Eu li a ação. Claro que não se trata diretamente do caso Master. Mas não é verídico dizer que não tem potencial para blindar o ministro Alexandre de Moraes no caso envolvendo o Banco Master.

A ADPF 919 pede basicamente que o Supremo limite o uso de delações premiadas. Separei sete pontos principais para entender o que está em jogo:

  1. Delação não pode ser fundamento único

A ação pede que uma delação não possa servir sozinha como base para medidas cautelares, denúncias ou condenações.

  1. Direito de defesa mais amplo

O texto questiona situações em que o delatado não teria tempo adequado para se manifestar ou quando existiriam dúvidas sobre a voluntariedade do acordo. Isso mexe diretamente no valor probatório das delações, que são um dos principais instrumentos em investigações de crimes financeiros e organizações criminosas.

  1. Limite aos benefícios negociados

A ação pede que o STF deixe claro que os benefícios dados aos delatores precisam ficar estritamente dentro do que a lei permite – o que pode reduzir a margem de negociação do Ministério Público.

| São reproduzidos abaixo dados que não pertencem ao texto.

definition H_converges :: "('a \<Rightarrow> 'a \<Rightarrow> real \<Rightarrow> real) \<Rightarrow> (nat \<Rightarrow> 'a set) \<Rightarrow> 'a set \<Rightarrow> bool" where
  "H_converges \<rho> As A \<longleftrightarrow> (\<forall>t>0. \<exists>N. \<forall>n\<ge>N. pm_H \<rho> (As n) A t > 1 - t)"

definition H_cauchy :: "('a \<Rightarrow> 'a \<Rightarrow> real \<Rightarrow> real) \<Rightarrow> (nat \<Rightarrow> 'a set) \<Rightarrow> bool" where
  "H_cauchy \<rho> As \<longleftrightarrow> (\<forall>t>0. \<exists>N. \<forall>m\<ge>N. \<forall>n\<ge>N. pm_H \<rho> (As m) (As n) t > 1 - t)"

definition H_closed_in_Pf :: "('a \<Rightarrow> 'a \<Rightarrow> real \<Rightarrow> real) \<Rightarrow> 'a set set \<Rightarrow> bool" where
  "H_closed_in_Pf \<rho> \<F> \<longleftrightarrow> (\<forall>As A. (\<forall>n. As n \<in> \<F>) \<and> A \<in> Pf \<rho> \<and> H_converges \<rho> As A \<longrightarrow> A \<in> \<F>)"

definition H_complete :: "('a \<Rightarrow> 'a \<Rightarrow> real \<Rightarrow> real) \<Rightarrow> 'a set set \<Rightarrow> bool" where
  "H_complete \<rho> \<F> \<longleftrightarrow> (\<forall>As. (\<forall>n. As n \<in> \<F>) \<and> H_cauchy \<rho> As \<longrightarrow> (\<exists>A\<in>\<F>. H_converges \<rho> As A))"

end

(*
  Condition (W) gives the Lukasiewicz form F_pr(x) >= F_pq(x) + F_qr(x) - 1 of the triangle
  inequality.  Hence d(p,q) = inf {t > 0. F_pq(t) > 1 - t} is a metric whose balls are squeezed
  between the neighbourhoods U_t, so the strong topology, total boundedness, compactness and
  completeness are those of d, and H-convergence is Hausdorff convergence for d.  Boundedness and
  total boundedness pass to H-limits by the Lukasiewicz inequality; an H-Cauchy sequence of closed
  sets converges to its lower Kuratowski limit, whose points are reached by geometric chains; and
  in a complete space the compact sets are exactly the closed totally bounded ones.
*)

theory Submission
  imports Defs "HOL-Analysis.Analysis"
begin

lemma ex_divide_power2_less:
  fixes c \<epsilon> :: real
  assumes "0 < \<epsilon>"
  shows "\<exists>N. c / 2^N < \<epsilon>"
proof -
  obtain N where "c / \<epsilon> < 2^N" using real_arch_pow[of 2] by auto
  then show ?thesis using assms by (auto simp: divide_less_eq mult.commute)
qed

definition hausdorff_near :: "('a \<Rightarrow> 'a \<Rightarrow> real) \<Rightarrow> 'a set \<Rightarrow> 'a set \<Rightarrow> real \<Rightarrow> bool" where
  "hausdorff_near d A B e \<longleftrightarrow> (\<forall>p\<in>A. \<exists>q\<in>B. d p q < e) \<and> (\<forall>q\<in>B. \<exists>p\<in>A. d q p < e)"

definition hausdorff_cauchy :: "('a \<Rightarrow> 'a \<Rightarrow> real) \<Rightarrow> (nat \<Rightarrow> 'a set) \<Rightarrow> bool" where
  "hausdorff_cauchy d As \<longleftrightarrow> (\<forall>e>0. \<exists>N. \<forall>m\<ge>N. \<forall>n\<ge>N. hausdorff_near d (As m) (As n) e)"

definition hausdorff_tendsto :: "('a \<Rightarrow> 'a \<Rightarrow> real) \<Rightarrow> (nat \<Rightarrow> 'a set) \<Rightarrow> 'a set \<Rightarrow> bool" where
  "hausdorff_tendsto d As A \<longleftrightarrow> (\<forall>e>0. \<exists>N. \<forall>n\<ge>N. hausdorff_near d (As n) A e)"

context Metric_space
begin

lemma mdist_geometric_chain:
  assumes xs: "\<And>k. xs k \<in> M" and step: "\<And>k. d (xs k) (xs (Suc k)) < c / 2^k"
  shows "d (xs k) (xs (k + j)) \<le> 2*c/2^k - 2*c/2^(k + j)"
proof (induction j)
  case 0
  then show ?case using xs by simp
next
  case (Suc j)
  have "d (xs k) (xs (k + Suc j)) \<le> d (xs k) (xs (k + j)) + d (xs (k + j)) (xs (Suc (k + j)))"
    using xs triangle by simp
  also have "\<dots> < 2*c/2^k - 2*c/2^(k + j) + c/2^(k + j)"
    using Suc.IH step[of "k + j"] by linarith
  also have "\<dots> = 2*c/2^k - 2*c/2^(k + Suc j)"
    by (simp add: field_simps)
  finally show ?case by simp
qed

lemma mdist_geometric_tail:
  assumes xs: "\<And>k. xs k \<in> M" and step: "\<And>k. d (xs k) (xs (Suc k)) < c / 2^k" and "k \<le> m"
  shows "d (xs k) (xs m) \<le> 2*c/2^k"
proof -
  obtain j where m: "m = k + j" using \<open>k \<le> m\<close> le_Suc_ex by blast
  have "0 < c" using order_le_less_trans[OF nonneg step[of 0]] by simp
  then have "0 \<le> 2*c/2^(k + j)" by simp
  then show ?thesis using mdist_geometric_chain[OF xs step, of k j] unfolding m by linarith
qed

lemma MCauchy_geometric:
  assumes xs: "\<And>k. xs k \<in> M" and step: "\<And>k. d (xs k) (xs (Suc k)) < c / 2^k"
  shows "MCauchy xs"
  unfolding MCauchy_def
proof (intro conjI allI impI)
  fix \<epsilon> :: real assume "0 < \<epsilon>"
  then obtain N where N: "4*c/2^N < \<epsilon>" using ex_divide_power2_less by blast
  have "d (xs m) (xs n) < \<epsilon>" if "N \<le> m" "N \<le> n" for m n
  proof -
    have "d (xs m) (xs n) \<le> d (xs N) (xs m) + d (xs N) (xs n)"
      using xs triangle'' by blast
    also have "\<dots> \<le> 2*c/2^N + 2*c/2^N"
      using mdist_geometric_tail[OF xs step, of N] that by (meson add_mono)
    also have "\<dots> = 4*c/2^N"
      by simp
    finally show ?thesis using N by linarith
  qed
  then show "\<exists>N. \<forall>m n. N \<le> m \<longrightarrow> N \<le> n \<longrightarrow> d (xs m) (xs n) < \<epsilon>" by blast
qed (use xs in auto)

lemma mdist_limit_geometric:
  assumes xs: "\<And>k. xs k \<in> M" and step: "\<And>k. d (xs k) (xs (Suc k)) < c / 2^k"
    and lim: "limitin mtopology xs p sequentially"
  shows "d (xs k) p \<le> 2*c/2^k"
proof -
  have "\<forall>\<^sub>F m in sequentially. xs m \<in> mcball (xs k) (2*c/2^k)"
    using mdist_geometric_tail[OF xs step] xs by (auto simp: eventually_sequentially)
  then have "p \<in> mcball (xs k) (2*c/2^k)"
    using limitin_closedin[OF lim closedin_mcball] xs limitin_mspace[OF lim] by simp
  then show ?thesis by simp
qed

definition lower_limit :: "(nat \<Rightarrow> 'a set) \<Rightarrow> 'a set" where
  "lower_limit As = {p \<in> M. \<forall>e>0. \<exists>N. \<forall>n\<ge>N. \<exists>q\<in>As n. d p q < e}"

lemma lower_limitD:
  "p \<in> lower_limit As \<Longrightarrow> 0 < e \<Longrightarrow> \<exists>N. \<forall>n\<ge>N. \<exists>q\<in>As n. d p q < e"
  unfolding lower_limit_def by blast

lemma closedin_lower_limit:
  assumes As: "\<And>n. As n \<subseteq> M"
  shows "closedin mtopology (lower_limit As)"
  unfolding closedin_metric
proof (intro conjI allI impI)
  fix x assume x: "x \<in> M - lower_limit As"
  then obtain e where "0 < e" and e: "\<forall>N. \<exists>n\<ge>N. \<forall>q\<in>As n. \<not> d x q < e"
    unfolding lower_limit_def by blast
  have "y \<notin> lower_limit As" if y: "y \<in> mball x (e/2)" for y
  proof
    assume "y \<in> lower_limit As"
    moreover have "0 < e/2" using \<open>0 < e\<close> by simp
    ultimately obtain N where N: "\<forall>n\<ge>N. \<exists>q\<in>As n. d y q < e/2"
      using lower_limitD by blast
    obtain n where n: "N \<le> n" "\<forall>q\<in>As n. \<not> d x q < e" using e by blast
    then obtain q where q: "q \<in> As n" "d y q < e/2" using N by blast
    have "y \<in> M" "d x y < e/2" using y by auto
    moreover have "q \<in> M" using q(1) As by blast
    ultimately have "d x q < e" using x q(2) triangle[of x y q] by force
    then show False using n(2) q(1) by blast
  qed
  then have "disjnt (lower_limit As) (mball x (e/2))" by (auto simp: disjnt_iff)
  then show "\<exists>r>0. disjnt (lower_limit As) (mball x r)" using \<open>0 < e\<close> half_gt_zero by blast
qed (auto simp: lower_limit_def)

lemma lower_limit_approx:
  assumes As: "\<And>n. As n \<subseteq> M" and cauchy: "hausdorff_cauchy d As" and "0 < e"
  shows "\<exists>N. \<forall>n\<ge>N. \<forall>p\<in>lower_limit As. \<exists>q\<in>As n. d p q < e"
proof -
  obtain N where N: "\<forall>m\<ge>N. \<forall>n\<ge>N. hausdorff_near d (As m) (As n) (e/2)"
    using cauchy \<open>0 < e\<close> unfolding hausdorff_cauchy_def by (meson half_gt_zero)
  have "\<exists>q\<in>As n. d p q < e" if n: "N \<le> n" and p: "p \<in> lower_limit As" for n p
  proof -
    have "0 < e/2" using \<open>0 < e\<close> by simp
    then obtain N' where N': "\<forall>m\<ge>N'. \<exists>q\<in>As m. d p q < e/2"
      using lower_limitD[OF p] by blast
    have "N' \<le> max N N'" by simp
    then obtain q where q: "q \<in> As (max N N')" "d p q < e/2" using N' by blast
    moreover have "hausdorff_near d (As (max N N')) (As n) (e/2)" using N n by simp
    ultimately obtain q' where q': "q' \<in> As n" "d q q' < e/2"
      unfolding hausdorff_near_def by blast
    have "p \<in> M" "q \<in> M" "q' \<in> M" using p q(1) q'(1) As by (auto simp: lower_limit_def)
    then have "d p q' \<le> d p q + d q q'" by (rule triangle)
    then show ?thesis using q q' by (intro bexI[of _ q']) auto
  qed
  then show ?thesis by blast
qed

lemma hausdorff_geometric_chain:
  fixes Nf :: "nat \<Rightarrow> nat"
  assumes Nf: "\<And>k m n. Nf k \<le> m \<Longrightarrow> Nf k \<le> n \<Longrightarrow> hausdorff_near d (As m) (As n) (c/2^k)"
    and "Nf 0 \<le> n" "x \<in> As n"
  shows "\<exists>xs idx. xs 0 = x \<and>
    (\<forall>k. Nf k \<le> idx k \<and> xs k \<in> As (idx k) \<and> d (xs k) (xs (Suc k)) < c/2^k)"
proof -
  define idx where "idx k = (if k = 0 then n else Nf k + Nf (k - 1))" for k
  have idx: "Nf k \<le> idx k" "Nf k \<le> idx (Suc k)" for k
    using \<open>Nf 0 \<le> n\<close> by (auto simp: idx_def)
  have "\<exists>xs. \<forall>k. (xs k \<in> As (idx k) \<and> (k = 0 \<longrightarrow> xs k = x)) \<and> d (xs k) (xs (Suc k)) < c/2^k"
  proof (rule dependent_nat_choice)
    show "\<exists>y. y \<in> As (idx 0) \<and> (0 = 0 \<longrightarrow> y = x)" using assms(3) by (simp add: idx_def)
  next
    fix y k assume "y \<in> As (idx k) \<and> (k = 0 \<longrightarrow> y = x)"
    moreover have "hausdorff_near d (As (idx k)) (As (idx (Suc k))) (c/2^k)"
      using Nf idx by blast
    ultimately obtain y' where "y' \<in> As (idx (Suc k))" "d y y' < c/2^k"
      unfolding hausdorff_near_def by blast
    then show "\<exists>y'. (y' \<in> As (idx (Suc k)) \<and> (Suc k = 0 \<longrightarrow> y' = x)) \<and> d y y' < c/2^k"
      by blast
  qed
  then show ?thesis using idx(1) by blast
qed

lemma approx_by_lower_limit:
  assumes complete: "mcomplete" and As: "\<And>n. As n \<subseteq> M"
    and cauchy: "hausdorff_cauchy d As" and "0 < e"
  shows "\<exists>N. \<forall>n\<ge>N. \<forall>x\<in>As n. \<exists>p\<in>lower_limit As. d x p < e"
proof -
  define c where "c = e/4"
  have "\<forall>k. \<exists>N. \<forall>m\<ge>N. \<forall>n\<ge>N. hausdorff_near d (As m) (As n) (c/2^k)"
    using cauchy \<open>0 < e\<close> by (simp add: hausdorff_cauchy_def c_def)
  then obtain Nf where Nf: "\<And>k m n. Nf k \<le> m \<Longrightarrow> Nf k \<le> n \<Longrightarrow> hausdorff_near d (As m) (As n) (c/2^k)"
    by metis
  have "\<exists>p\<in>lower_limit As. d x p < e" if x: "Nf 0 \<le> n" "x \<in> As n" for n x
  proof -
    obtain xs idx where xs: "xs 0 = x" "\<And>k. Nf k \<le> idx k" "\<And>k. xs k \<in> As (idx k)"
      and step: "\<And>k. d (xs k) (xs (Suc k)) < c/2^k"
      using hausdorff_geometric_chain[where Nf = Nf and As = As and c = c, OF Nf x] by blast
    have xsM: "xs k \<in> M" for k using xs(3) As by blast
    obtain p where p: "limitin mtopology xs p sequentially"
      using complete MCauchy_geometric[OF xsM step] by (auto simp: mcomplete_def)
    note dist_p = mdist_limit_geometric[OF xsM step p]
    have "\<exists>N. \<forall>m\<ge>N. \<exists>q\<in>As m. d p q < \<delta>" if "0 < \<delta>" for \<delta>
    proof -
      obtain k where k: "3*c/2^k < \<delta>" using ex_divide_power2_less \<open>0 < \<delta>\<close> by blast
      have "\<exists>q\<in>As m. d p q < \<delta>" if m: "Nf k \<le> m" for m
      proof -
        have "hausdorff_near d (As (idx k)) (As m) (c/2^k)" using Nf[OF xs(2) m] .
        then obtain q where q: "q \<in> As m" "d (xs k) q < c/2^k"
          using xs(3)[of k] unfolding hausdorff_near_def by blast
        have "q \<in> M" using q(1) As by blast
        then have "d p q \<le> d (xs k) p + d (xs k) q"
          using triangle''[OF limitin_mspace[OF p] xsM[of k]] by simp
        then show ?thesis using dist_p[of k] q k by (intro bexI[of _ q]) auto
      qed
      then show ?thesis by blast
    qed
    then have "p \<in> lower_limit As" using limitin_mspace[OF p] by (simp add: lower_limit_def)
    moreover have "d x p < e" using dist_p[of 0] xs(1) \<open>0 < e\<close> by (simp add: c_def)
    ultimately show ?thesis by blast
  qed
  then show ?thesis by blast
qed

  1. Direito de contestar acordos

O processo também questiona cláusulas comuns que impedem o delator ou terceiros afetados de recorrer da homologação dos acordos. A tese é que esse tipo de restrição deve ser considerado inválido.

  1. Prisão pode contaminar a delação

Outro ponto sensível: a ação pede que dúvidas sobre a legalidade da prisão do delator possam afetar a validade do acordo. O argumento é que a colaboração só pode existir se for voluntária.

Ponto que é sensível para grandes investigações recentes – inclusive no caso Master. Vale lembrar que Daniel Vorcaro só passou a considerar uma delação depois de ser preso em um presídio de segurança máxima.

  1. Delação não é prova

A ação reforça um entendimento técnico, mas com efeito prático importante: delação é meio de obtenção de prova, não prova em si. Isso fortalece a tese de que a palavra do delator sempre precisa ser confirmada por elementos independentes.

  1. Proibição de benefícios indiretos

Há ainda um pedido para que o STF deixe claro que não podem existir vantagens econômicas indiretas ou benefícios fora da legislação. Esse ponto pode limitar modelos mais flexíveis de negociação que surgiram em grandes operações.

Até aqui, estamos no campo jurídico. Mas é impossível ignorar o contexto político, que tem um problema de timing. Está ficando cada vez mais difícil defender que as movimentações de Alexandre de Moraes desde o início do escândalo do Banco Master não são de quem tem culpa no cartório. Não dá para fingir que os fatos existem em compartimentos isolados.

O ministro não responde a nenhum questionamento há meses. Não se explica. Não contextualiza. O próprio presidente Lula disse publicamente que sugeriu que Moraes se declarasse impedido em casos relacionados ao tema. O que aconteceu depois? Nada. Silêncio.

Se Moraes não percebeu que tirar essa ação da gaveta exatamente agora produziria suspeitas, então ele está completamente desconectado do ambiente político e institucional do país. O que seria impossível para qualquer brasileiro minimamente informado, quiçá o ministro envolvido nas polêmicas em questão. Polêmicas que podem configurar crimes. E se ele percebeu – e mesmo assim decidiu seguir adiante – se tratou de uma escolha. Ao que tudo indica, essa opção é a mais plausível.